The greatness: Saying Laughing Hyenas was bluesy is like saying Gang Of Four was funky. Authenticity wasn't the goal; instead, Life Of Crime mutates the spirit of Howlin' Wolf into a dirge-like, horrendously distorted wall of sheer despair. The disc opens onto the back porch of hell with "Everything I Want," a song that epitomizes that band's raw-nerved anxiety and ravenous undertow. Where contemporary John Spencer deconstructed bar-rock in Pussy Galore, Brannon and crew were far more stark and severe. Larissa's guitar, free of slides and solos, darts through roughhewn chords and clouds of toxic feedback; Kevin's slithery basslines fuels Kimball, a man who knows how to grind his axe against a drum kit. But it's Brannon's voice that commands—and simultaneously punishes—attention. Turning his chest cavity inside out, he reduces syllables to rubble and his larynx to hamburger while grunting away about poisoned lust, treacherous love, tragedy, and felony. Picture Afghan Whigs' Black Love burned to an unrecognizable cinder. Life Of Crime's title track is a slurred, drug-dredged take on The Weirdos' hardcore classic, but rather than reinforcing Brannon's punk pedigree, the song proves just how much sicker and stranger he'd grown since his Negative Approach days. Wedged uncomfortably between waning pigfuck bands like Rapeman and Tar and waxing grunge groups like Mudhoney and Tad, Crime hoed its own weird row in 1990, and it's weathered the years well. Kinda like a lump of coal.

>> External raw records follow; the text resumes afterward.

(* Let $q\in(0,1]$. Consider the parametric convex semi-infinite problem described in the context, and let $(\bar c,\bar b)\in\mathbb{R}^n\times\mathcal{C}(T,\mathbb{R})$ and $\bar x\in\mathcal{S}(\bar c,\bar b)$. Assume that $P(\bar c,\bar b)$ satisfies the Slater condition. Consider the statements: (i) $\mathcal{S}$ is $q$-order calm at $((\bar c,\bar b),\bar x)$; (ii) $\mathcal{S}_{\bar c}$ is $q$-order calm at $(\bar b,\bar x)$; (iii) $\mathcal{L}$ is $q$-order calm at $((f(\bar x)+\langle\bar c,\bar x\rangle,\bar b),\bar x)$; (iv) $\bar f$ admits a $q$-order local error bound at $\bar x$, i.e. there exist $\tau>0$, $\delta>0$ with $\tau\, d(x,[\bar f\le 0])\le [\max\{\bar f(x),0\}]^q$ for all $x$ with $\|x-\bar x\|<\delta$. Then (iii) $\Leftrightarrow$ (iv) $\Rightarrow$ (i) $\Rightarrow$ (ii). In addition, if $f$ and all $g_t$ ($t\in T$) are linear, then (i) $\Leftrightarrow$ (ii) $\Leftrightarrow$ (iii) $\Leftrightarrow$ (iv).
   Context: Setting: $T$ is a compact subset of a metric space $Z$ with $T\neq Z$; $f:\mathbb{R}^n\to\mathbb{R}$ and $g_t:\mathbb{R}^n\to\mathbb{R}$ ($t\in T$) are convex, and $(t,x)\mapsto g_t(x)$ is continuous on $T\times\mathbb{R}^n$. $\mathcal{C}(T,\mathbb{R})$ is the space of continuous functions $b:T\to\mathbb{R}$, $t\mapsto b_t$, with $\|b\|_\infty=\max_{t\in T}|b_t|$. For $(c,b)\in\mathbb{R}^n\times\mathcal{C}(T,\mathbb{R})$ the problem $P(c,b)$ is: minimize $f(x)+\langle c,x\rangle$ subject to $g_t(x)\le b_t$ for all $t\in T$. The parameter space carries the norm $\|(c,b)\|=\max\{\|c\|,\|b\|_\infty\}$ ($\|\cdot\|$ Euclidean on $\mathbb{R}^n$). $\mathcal{S}(c,b)$ is the set of optimal solutions of $P(c,b)$; $\mathcal{S}_c(b):=\mathcal{S}(c,b)$ for fixed $c$; $\mathcal{F}(b):=\{x: g_t(x)\le b_t,\ t\in T\}$. $P(c,b)$ satisfies the Slater condition if there is $\hat x$ with $g_t(\hat x)<b_t$ for all $t\in T$. The level set mapping $\mathcal{L}:\mathbb{R}\times\mathcal{C}(T,\mathbb{R})\rightrightarrows\mathbb{R}^n$ is $\mathcal{L}(\alpha,b)=\{x: f(x)+\langle\bar c,x\rangle\le\alpha,\ g_t(x)\le b_t,\ t\in T\}$, with $\mathbb{R}\times\mathcal{C}(T,\mathbb{R})$ normed by $\max\{|\alpha|,\|b\|_\infty\}$. The supremum function is $\bar f(x):=\sup\{f(x)-f(\bar x)+\langle\bar c,x-\bar x\rangle;\ g_t(x)-\bar b_t,\ t\in T\}$, and $[\bar f\le0]=\{x:\bar f(x)\le0\}$. For a set-valued map $S:Y\rightrightarrows X$ between metric spaces, $(\bar y,\bar x)\in\operatorname{gph}S$ and $q>0$, $S$ is $q$-order calm at $(\bar y,\bar x)$ if there exist $\tau>0$ and neighbourhoods $U$ of $\bar x$, $V$ of $\bar y$ such that $\tau\, d(x,S(\bar y))\le d(y,\bar y)^q$ for all $y\in V$ and $x\in S(y)\cap U$. *)

theory Defs
  imports "HOL-Analysis.Analysis"
begin

text \<open>Sup-norm distance on C(T,R); functions are represented as total functions,
  only their values on T matter. The insert 0 makes the empty-T case give 0.\<close>
definition supdist :: "'z set \<Rightarrow> ('z \<Rightarrow> real) \<Rightarrow> ('z \<Rightarrow> real) \<Rightarrow> real" where
  "supdist T b b' = Sup (insert 0 ((\<lambda>t. \<bar>b t - b' t\<bar>) ` T))"

definition pdist :: "'z set \<Rightarrow> ('a::real_normed_vector \<times> ('z \<Rightarrow> real)) \<Rightarrow> ('a \<times> ('z \<Rightarrow> real)) \<Rightarrow> real" where
  "pdist T p p' = max (norm (fst p - fst p')) (supdist T (snd p) (snd p'))"

definition feas :: "'z set \<Rightarrow> ('z \<Rightarrow> 'a \<Rightarrow> real) \<Rightarrow> ('z \<Rightarrow> real) \<Rightarrow> 'a set" where
  "feas T g b = {x. \<forall>t\<in>T. g t x \<le> b t}"

definition optset :: "'z set \<Rightarrow> ('a::real_inner \<Rightarrow> real) \<Rightarrow> ('z \<Rightarrow> 'a \<Rightarrow> real)
    \<Rightarrow> 'a \<times> ('z \<Rightarrow> real) \<Rightarrow> 'a set" where
  "optset T f g p = {x \<in> feas T g (snd p). \<forall>y \<in> feas T g (snd p).
      f x + inner (fst p) x \<le> f y + inner (fst p) y}"

definition levelset :: "'z set \<Rightarrow> ('a::real_inner \<Rightarrow> real) \<Rightarrow> ('z \<Rightarrow> 'a \<Rightarrow> real) \<Rightarrow> 'a
    \<Rightarrow> real \<times> ('z \<Rightarrow> real) \<Rightarrow> 'a set" where
  "levelset T f g cbar p = {x \<in> feas T g (snd p). f x + inner cbar x \<le> fst p}"

definition ldist :: "'z set \<Rightarrow> real \<times> ('z \<Rightarrow> real) \<Rightarrow> real \<times> ('z \<Rightarrow> real) \<Rightarrow> real" where
  "ldist T p p' = max \<bar>fst p - fst p'\<bar> (supdist T (snd p) (snd p'))"
lemma sphere_integral_double_sum:
  assumes "finite A" "\<And>n k. n \<in> A \<Longrightarrow> k \<in> B n \<Longrightarrow> continuous_on UNIV (F n k)"
    and "\<And>n. n \<in> A \<Longrightarrow> finite (B n)"
  shows "sphere_integral (\<lambda>x. \<Sum>n\<in>A. \<Sum>k\<in>B n. c n k * F n k x)
    = (\<Sum>n\<in>A. \<Sum>k\<in>B n. c n k * sphere_integral (F n k))"
proof -
  have "sphere_integral (\<lambda>x. \<Sum>n\<in>A. \<Sum>k\<in>B n. c n k * F n k x)
      = (\<Sum>n\<in>A. sphere_integral (\<lambda>x. \<Sum>k\<in>B n. c n k * F n k x))"
    using assms by (intro sphere_integral_sum) (auto intro!: continuous_intros)
  also have "\<dots> = (\<Sum>n\<in>A. \<Sum>k\<in>B n. c n k * sphere_integral (F n k))"
  proof (intro sum.cong refl)
    fix n assume "n \<in> A"
    then show "sphere_integral (\<lambda>x. \<Sum>k\<in>B n. c n k * F n k x)
        = (\<Sum>k\<in>B n. c n k * sphere_integral (F n k))"
      using assms by (subst sphere_integral_sum) (auto intro!: continuous_intros simp: sphere_integral_cmult)
  qed
  finally show ?thesis .
qed

lemma sph_harm_coeff_zero_if_constant_on_sphere:
  assumes Y: "sph_harm_basis s Y" and "t \<le> s"
    and const: "\<And>z. norm z = 1 \<Longrightarrow> (\<Sum>n\<in>{1..t}. \<Sum>k\<in>{1..2*n+1}. c n k * Y n k z) = \<kappa>"
    and n: "n \<in> {1..t}" and k: "k \<in> {1..2*n+1}"
  shows "c n k = 0"
proof -
  have cont: "continuous_on UNIV (\<lambda>z. Y n' k' z * Y n k z)"
    if "n' \<in> {1..t}" "k' \<in> {1..2*n'+1}" for n' k'
    using Y that n k \<open>t \<le> s\<close> by (auto intro!: continuous_intros intro: continuous_on_sph_harm)
  have "0 = \<kappa> * sphere_integral (Y n k)"
    using sphere_integral_sph_harm[OF Y] n k \<open>t \<le> s\<close> by simp
  also have "\<dots> = sphere_integral (\<lambda>z. (\<Sum>n'\<in>{1..t}. \<Sum>k'\<in>{1..2*n'+1}. c n' k' * Y n' k' z) * Y n k z)"
    unfolding sphere_integral_cmult[symmetric] by (rule sphere_integral_cong) (simp only: const)
  also have "\<dots> = sphere_integral (\<lambda>z. \<Sum>n'\<in>{1..t}. \<Sum>k'\<in>{1..2*n'+1}. c n' k' * (Y n' k' z * Y n k z))"
    by (simp only: sum_distrib_right mult.assoc)
  also have "\<dots> = (\<Sum>n'\<in>{1..t}. \<Sum>k'\<in>{1..2*n'+1}. c n' k' * sphere_integral (\<lambda>z. Y n' k' z * Y n k z))"
    using cont by (intro sphere_integral_double_sum) auto
  also have "\<dots> = (\<Sum>n'\<in>{1..t}. \<Sum>k'\<in>{1..2*n'+1}. if n' = n \<and> k' = k then c n' k' else 0)"
    using sph_harm_basis_orthonormal[OF Y] n k \<open>t \<le> s\<close> by (intro sum.cong refl) auto
  also have "\<dots> = (\<Sum>n'\<in>{1..t}. if n' = n then c n k else 0)"
  proof (intro sum.cong refl)
    fix n' show "(\<Sum>k'\<in>{1..2*n'+1}. if n' = n \<and> k' = k then c n' k' else 0)
        = (if n' = n then c n k else 0)"
      using k by (cases "n' = n") (simp_all only: if_True if_False simp_thms sum.delta
        finite_atLeastAtMost sum.neutral_const)
  qed
  also have "\<dots> = c n k"
    using n by simp
  finally show ?thesis by simp
qed

lemma sum_sph_harm_indices_split:
  fixes t :: nat
  shows "(\<Sum>n\<le>t. \<Sum>k\<in>{1..2*n+1}. f n k) = f 0 1 + (\<Sum>n\<in>{1..t}. \<Sum>k\<in>{1..2*n+1}. f n k)"
proof -
  have "{..t} = insert 0 {1..t}" by auto
  then show ?thesis by simp
qed

lemma spherical_design_if_harmonic_sums_vanish:
  assumes Y: "sph_harm_basis s Y" and "t \<le> s" "0 < N" and x: "\<And>i. i < N \<Longrightarrow> norm (x i) = 1"
    and vanish: "\<And>n k. n \<in> {1..t} \<Longrightarrow> k \<in> {1..2*n+1} \<Longrightarrow> (\<Sum>i<N. Y n k (x i)) = 0"
  shows "spherical_design t N x"
  unfolding spherical_design_def
proof (intro allI impI)
  fix p assume "poly3 t p"
  then obtain a where a: "\<And>z. norm z = 1 \<Longrightarrow> p z = (\<Sum>n\<le>t. \<Sum>k\<in>{1..2*n+1}. a n k * Y n k z)"
    using sph_harm_basis_span[OF Y \<open>t \<le> s\<close>] by blast
  have Y01: "Y 0 1 z = 1 / sqrt (4 * pi)" for z
    by (rule sph_harm_basis_constant[OF Y])
  have "(\<Sum>i<N. p (x i)) = (\<Sum>i<N. \<Sum>n\<le>t. \<Sum>k\<in>{1..2*n+1}. a n k * Y n k (x i))"
    using a x by simp
  also have "\<dots> = (\<Sum>n\<le>t. \<Sum>k\<in>{1..2*n+1}. a n k * (\<Sum>i<N. Y n k (x i)))"
    unfolding sum_distrib_left by (subst sum.swap) (rule sum.cong[OF refl], rule sum.swap)
  also have "\<dots> = a 0 1 * (real N / sqrt (4 * pi))"
    unfolding sum_sph_harm_indices_split Y01 by (simp add: vanish)
  finally have nodes: "(\<Sum>i<N. p (x i)) = a 0 1 * (real N / sqrt (4 * pi))" .
  have "sphere_integral p = sphere_integral (\<lambda>z. \<Sum>n\<le>t. \<Sum>k\<in>{1..2*n+1}. a n k * Y n k z)"
    using a by (rule sphere_integral_cong)
  also have "\<dots> = (\<Sum>n\<le>t. \<Sum>k\<in>{1..2*n+1}. a n k * sphere_integral (Y n k))"
    using Y \<open>t \<le> s\<close> by (intro sphere_integral_double_sum) (auto intro: continuous_on_sph_harm)
  also have "\<dots> = a 0 1 * sqrt (4 * pi)"
    unfolding sum_sph_harm_indices_split using Y \<open>t \<le> s\<close> by (simp add: sphere_integral_sph_harm)
  finally have "sphere_integral p = a 0 1 * sqrt (4 * pi)" .
  then have "1 / (4 * pi) * sphere_integral p = a 0 1 * (sqrt (4 * pi) / (4 * pi))"
    by (simp only: times_divide_eq_left times_divide_eq_right mult_1_left mult_1_right)
  also have "\<dots> = a 0 1 / sqrt (4 * pi)"
    by (subst sqrt_divide_self_eq) (simp_all add: divide_inverse)
  also have "\<dots> = 1 / real N * (\<Sum>i<N. p (x i))"
    using nodes \<open>0 < N\<close> by simp
  finally show "1 / real N * (\<Sum>i<N. p (x i)) = 1 / (4 * pi) * sphere_integral p" ..
qed

section \<open>Polynomials vanishing at the nodes\<close>

lemma basis_matrix_row_index:
  assumes "n \<le> s" "k \<in> {1..2*n+1}"
  shows "n^2 + k - 1 < (s+1)^2" "floor_sqrt (n^2 + k - 1) = n"
proof -
  have "n^2 + k - 1 < (n+1)^2"
    using assms(2) by (auto simp: power2_eq_square)
  also have "\<dots> \<le> (s+1)^2"
    using assms(1) by (intro power_mono) auto
  finally show "n^2 + k - 1 < (s+1)^2" .
  show "floor_sqrt (n^2 + k - 1) = n"
    using assms(2) by (intro floor_sqrt_unique) (auto simp: power2_eq_square)
qed

lemma sum_rows_eq_sum_sph_harm_indices:
  "(\<Sum>r<(s+1)^2. f (floor_sqrt r) (r - (floor_sqrt r)^2 + 1)) = (\<Sum>n\<le>s. \<Sum>k\<in>{1..2*n+1}. f n k)"
proof (induction s)
  case 0
  then show ?case by simp
next
  case (Suc s)
  have rows: "{..<(Suc s + 1)^2} = {..<(s+1)^2} \<union> {(s+1)^2..<(s+1)^2 + (2*(s+1)+1)}"
    by (auto simp: power2_eq_square)
  have last: "(\<Sum>r\<in>{(s+1)^2..<(s+1)^2 + (2*(s+1)+1)}. f (floor_sqrt r) (r - (floor_sqrt r)^2 + 1))
      = (\<Sum>k\<in>{1..2*(Suc s)+1}. f (Suc s) k)"
  proof (rule sum.reindex_bij_witness[of _ "\<lambda>k. k - 1 + (s+1)^2" "\<lambda>r. r - (s+1)^2 + 1"])
    fix r assume "r \<in> {(s+1)^2..<(s+1)^2 + (2*(s+1)+1)}"
    then have "floor_sqrt r = s + 1"
      by (intro floor_sqrt_unique) (auto simp: power2_eq_square)
    then show "f (Suc s) (r - (s + 1)\<^sup>2 + 1) = f (floor_sqrt r) (r - (floor_sqrt r)\<^sup>2 + 1)"
      by simp
  qed auto
  have "(\<Sum>r<(Suc s + 1)^2. f (floor_sqrt r) (r - (floor_sqrt r)^2 + 1))
      = (\<Sum>r<(s+1)^2. f (floor_sqrt r) (r - (floor_sqrt r)^2 + 1))
        + (\<Sum>r\<in>{(s+1)^2..<(s+1)^2 + (2*(s+1)+1)}. f (floor_sqrt r) (r - (floor_sqrt r)^2 + 1))"
    unfolding rows by (rule sum.union_disjoint) auto
  then show ?case
    by (simp only: Suc.IH last sum.atMost_Suc)
qed

lemma singular_value_zero_if_left_kernel:
  assumes M: "M \<in> carrier_mat m n" and w: "w \<in> carrier_vec m" "w \<noteq> 0\<^sub>v m"
    and kernel: "transpose_mat M *\<^sub>v w = 0\<^sub>v n"
  shows "singular_value M 0"
proof -
  have "(M * transpose_mat M) *\<^sub>v w = M *\<^sub>v (transpose_mat M *\<^sub>v w)"
    using M w by (intro assoc_mult_mat_vec) auto
  also have "\<dots> = 0 \<cdot>\<^sub>v w"
    unfolding kernel using M w by (intro eq_vecI) auto
  finally have "eigenvector (M * transpose_mat M) w 0"
    unfolding eigenvector_def using M w by auto
  then show ?thesis
    unfolding singular_value_def eigenvalue_def by auto
qed

lemma basis_matrix_rows_independent:
  assumes sv: "\<forall>\<sigma>. singular_value (basis_matrix Y s N x) \<sigma> \<longrightarrow> \<sigma> > 0"
    and zero: "\<And>i. i < N \<Longrightarrow> (\<Sum>n\<le>s. \<Sum>k\<in>{1..2*n+1}. a n k * Y n k (x i)) = 0"
    and n: "n \<le> s" and k: "k \<in> {1..2*n+1}"
  shows "a n k = 0"
proof (rule ccontr)
  assume "a n k \<noteq> 0"
  define M where "M = basis_matrix Y s N x"
  (* The coefficients, listed in the row order of the basis matrix, form a left null vector. *)
  define w where "w = vec ((s+1)^2) (\<lambda>r. a (floor_sqrt r) (r - (floor_sqrt r)^2 + 1))"
  have M: "M \<in> carrier_mat ((s+1)^2) N" and w: "w \<in> carrier_vec ((s+1)^2)"
    unfolding M_def basis_matrix_def w_def by simp_all
  have "transpose_mat M *\<^sub>v w = 0\<^sub>v N"
  proof (rule eq_vecI)
    fix i assume "i < dim_vec (0\<^sub>v N)"
    then have i: "i < N" by simp
    have "(transpose_mat M *\<^sub>v w) $ i
        = (\<Sum>r<(s+1)^2. a (floor_sqrt r) (r - (floor_sqrt r)^2 + 1) * Y (floor_sqrt r) (r - (floor_sqrt r)^2 + 1) (x i))"
      using M w i
      by (auto simp: w_def M_def basis_matrix_def scalar_prod_def mult.commute atLeast0LessThan intro!: sum.cong)
    also have "\<dots> = 0"
      using sum_rows_eq_sum_sph_harm_indices[of "\<lambda>n k. a n k * Y n k (x i)"] zero[OF i] by simp
    finally show "(transpose_mat M *\<^sub>v w) $ i = 0\<^sub>v N $ i" using i by simp
  qed (use M in simp)
  moreover have "w $ (n^2 + k - 1) = a n k"
    using basis_matrix_row_index[OF n k] k by (simp add: w_def)
  then have "w \<noteq> 0\<^sub>v ((s+1)^2)"
    using basis_matrix_row_index(1)[OF n k] \<open>a n k \<noteq> 0\<close> by auto
  ultimately have "singular_value M 0"
    using singular_value_zero_if_left_kernel M w by blast
  then show False using sv unfolding M_def by auto
qed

Defining song: "Here We Go Again" is Life Of Crime's lone single—and the apotheosis of Laughing Hyenas' noxious, slow-burning rage. Over a gulping mudslide of a backbeat, Brannon hemorrhages 80-proof hatred as he details a mutually destructive relationship with lines like "Now I can't remember when / refresh my memory if you can / when's the last time we were satisfied / couldn't stay away even if we tried." Venomous riffs and thudding bass notes punctuate his thyroid-rupturing screams—and the song's implied violence is almost carnivorously primeval.